(Saved entries)
(* Let $\mathbb{F}$ be a field of characteristic $2$, $V$ a finite-dimensional $\mathbb{F}$-vector space and $b$ a non-degenerate symmetric bilinear form on $V$ with attached quadratic form $Q: x\mapsto b(x,x)$. Assume that $\operatorname{Ker} Q$ is totally $b$-singular. Then $\operatorname{Ker} Q$ is stable under every nilpotent $b$-symmetric endomorphism of $V$.
   Context: $\operatorname{Ker} Q = \{x\in V : Q(x)=0\}$, a linear subspace in characteristic $2$. A subspace $X$ is totally $b$-singular if $b(x,y)=0$ for all $x,y\in X$. An endomorphism $u$ is $b$-symmetric if $(x,y)\mapsto b(x,u(y))$ is symmetric. *)

theory Defs
  imports Complex_Main
begin

definition bilinear_form :: "('f::field \<Rightarrow> 'v::ab_group_add \<Rightarrow> 'v) \<Rightarrow> ('v \<Rightarrow> 'v \<Rightarrow> 'f) \<Rightarrow> bool" where
  "bilinear_form scale b \<longleftrightarrow>
     (\<forall>y. Vector_Spaces.linear scale (*) (\<lambda>x. b x y)) \<and>
     (\<forall>x. Vector_Spaces.linear scale (*) (\<lambda>y. b x y))"

definition symmetric_form :: "('v \<Rightarrow> 'v \<Rightarrow> 'f) \<Rightarrow> bool" where
  "symmetric_form b \<longleftrightarrow> (\<forall>x y. b x y = b y x)"

definition nondegenerate :: "('v::zero \<Rightarrow> 'v \<Rightarrow> 'f::zero) \<Rightarrow> bool" where
  "nondegenerate b \<longleftrightarrow> (\<forall>x. (\<forall>y. b x y = 0) \<longrightarrow> x = 0)"

definition quad_form :: "('v \<Rightarrow> 'v \<Rightarrow> 'f) \<Rightarrow> 'v \<Rightarrow> 'f" where
  "quad_form b x = b x x"

definition KerQ :: "('v \<Rightarrow> 'v \<Rightarrow> 'f::zero) \<Rightarrow> 'v set" where
  "KerQ b = {x. quad_form b x = 0}"

definition totally_singular :: "('v \<Rightarrow> 'v \<Rightarrow> 'f::zero) \<Rightarrow> 'v set \<Rightarrow> bool" where
  "totally_singular b X \<longleftrightarrow> (\<forall>x\<in>X. \<forall>y\<in>X. b x y = 0)"

definition b_symmetric :: "('v \<Rightarrow> 'v \<Rightarrow> 'f) \<Rightarrow> ('v \<Rightarrow> 'v) \<Rightarrow> bool" where
  "b_symmetric b u \<longleftrightarrow> (\<forall>x y. b x (u y) = b y (u x))"

definition nilpotent_endo :: "('v::zero \<Rightarrow> 'v) \<Rightarrow> bool" where
  "nilpotent_endo u \<longleftrightarrow> (\<exists>k. (u ^^ k) = (\<lambda>_. 0))"

end

theory Submission
  imports Defs
begin

text \<open>For \<open>x \<in> Ker Q\<close> and a \<open>b\<close>-symmetric \<open>u\<close> one has \<open>Q(u\<^sup>k x) = b(x, u\<^sup>2\<^sup>k x)\<close>, which
  vanishes by total singularity as soon as \<open>u\<^sup>2\<^sup>k x \<in> Ker Q\<close>. Since \<open>u\<^sup>k x = 0\<close> for large \<open>k\<close>,
  descending induction on \<open>k\<close> gives \<open>u\<^sup>k x \<in> Ker Q\<close> for all \<open>k \<ge> 1\<close>.\<close>

lemma bilinear_form_zero_left:
  assumes "bilinear_form scale b"
  shows "b 0 y = 0"
  using assms unfolding bilinear_form_def Vector_Spaces.linear_def by (metis module_hom.zero)

lemma b_symmetric_funpow:
  assumes sym: "symmetric_form b" and bs: "b_symmetric b u"
  shows "b ((u ^^ k) x) y = b x ((u ^^ k) y)"
proof (induction k arbitrary: x y)
  case 0
  then show ?case by simp
next
  case (Suc k)
  have "b ((u ^^ Suc k) x) y = b y (u ((u ^^ k) x))"
    using sym unfolding symmetric_form_def by simp
  also have "\<dots> = b ((u ^^ k) x) (u y)"
    using bs unfolding b_symmetric_def by metis
  also have "\<dots> = b x ((u ^^ Suc k) y)"
    using Suc by (simp add: funpow_swap1)
  finally show ?case .
qed

lemma quad_form_funpow:
  assumes "symmetric_form b" and "b_symmetric b u"
  shows "quad_form b ((u ^^ k) x) = b x ((u ^^ (2 * k)) x)"
proof -
  have "quad_form b ((u ^^ k) x) = b x ((u ^^ k) ((u ^^ k) x))"
    unfolding quad_form_def by (rule b_symmetric_funpow[OF assms])
  also have "\<dots> = b x ((u ^^ (2 * k)) x)"
    by (simp add: mult_2 funpow_add)
  finally show ?thesis .
qed

lemma nilpotent_endo_funpow_eq_0:
  assumes "nilpotent_endo u"
  shows "\<exists>n. \<forall>k\<ge>n. u ^^ k = (\<lambda>_. 0)"
proof -
  from assms obtain n where n: "u ^^ n = (\<lambda>_. 0)"
    unfolding nilpotent_endo_def by blast
  have "u ^^ k = (\<lambda>_. 0)" if "n \<le> k" for k
  proof -
    have "u ^^ k = u ^^ n \<circ> u ^^ (k - n)"
      using that by (simp add: funpow_add[symmetric])
    then show ?thesis using n by auto
  qed
  then show ?thesis by blast
qed

lemma funpow_mem_KerQ:
  assumes sym: "symmetric_form b" and bs: "b_symmetric b u"
    and ts: "totally_singular b (KerQ b)" and b00: "b 0 0 = 0"
    and nil: "nilpotent_endo u" and x: "x \<in> KerQ b"
    and k: "1 \<le> k"
  shows "(u ^^ k) x \<in> KerQ b"
proof -
  obtain n where vanish: "\<forall>k\<ge>n. u ^^ k = (\<lambda>_. 0)"
    using nilpotent_endo_funpow_eq_0[OF nil] by blast
  from k show ?thesis
  proof (induction k rule: measure_induct_rule[of "\<lambda>k. n - k"])
    case (less k)
    show ?case
    proof (cases "n \<le> k")
      case True
      then have "(u ^^ k) x = 0" using vanish by simp
      then show ?thesis using b00 by (simp add: KerQ_def quad_form_def)
    next
      case False
      with less.prems have "n - 2 * k < n - k" by simp
      then have "(u ^^ (2 * k)) x \<in> KerQ b"
        using less.prems by (intro less.IH) simp_all
      then have "b x ((u ^^ (2 * k)) x) = 0"
        using ts x unfolding totally_singular_def by blast
      then show ?thesis
        by (simp add: KerQ_def quad_form_funpow[OF sym bs])
    qed
  qed
qed

theorem lemma5p1:
  fixes scale :: "'f::field \<Rightarrow> 'v::ab_group_add \<Rightarrow> 'v"
    and b :: "'v \<Rightarrow> 'v \<Rightarrow> 'f"
  assumes char2: "CHAR('f) = 2"
    and fdim: "\<exists>B. finite_dimensional_vector_space scale B"
    and bil: "bilinear_form scale b"
    and sym: "symmetric_form b"
    and nondeg: "nondegenerate b"
    and ts: "totally_singular b (KerQ b)"
  shows "\<forall>u. Vector_Spaces.linear scale scale u \<and> nilpotent_endo u \<and> b_symmetric b u
           \<longrightarrow> u ` KerQ b \<subseteq> KerQ b"
proof (intro allI impI image_subsetI)
  fix u x
  assume "Vector_Spaces.linear scale scale u \<and> nilpotent_endo u \<and> b_symmetric b u"
    and "x \<in> KerQ b"
  then have "(u ^^ 1) x \<in> KerQ b"
    using funpow_mem_KerQ[OF sym _ ts bilinear_form_zero_left[OF bil]] by blast
  then show "u x \<in> KerQ b" by simp
qed

end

*Task description*. Every line with "finally" in it should be copied from the entries.

*Answer section*.
  finally show ?case .
  finally show ?thesis .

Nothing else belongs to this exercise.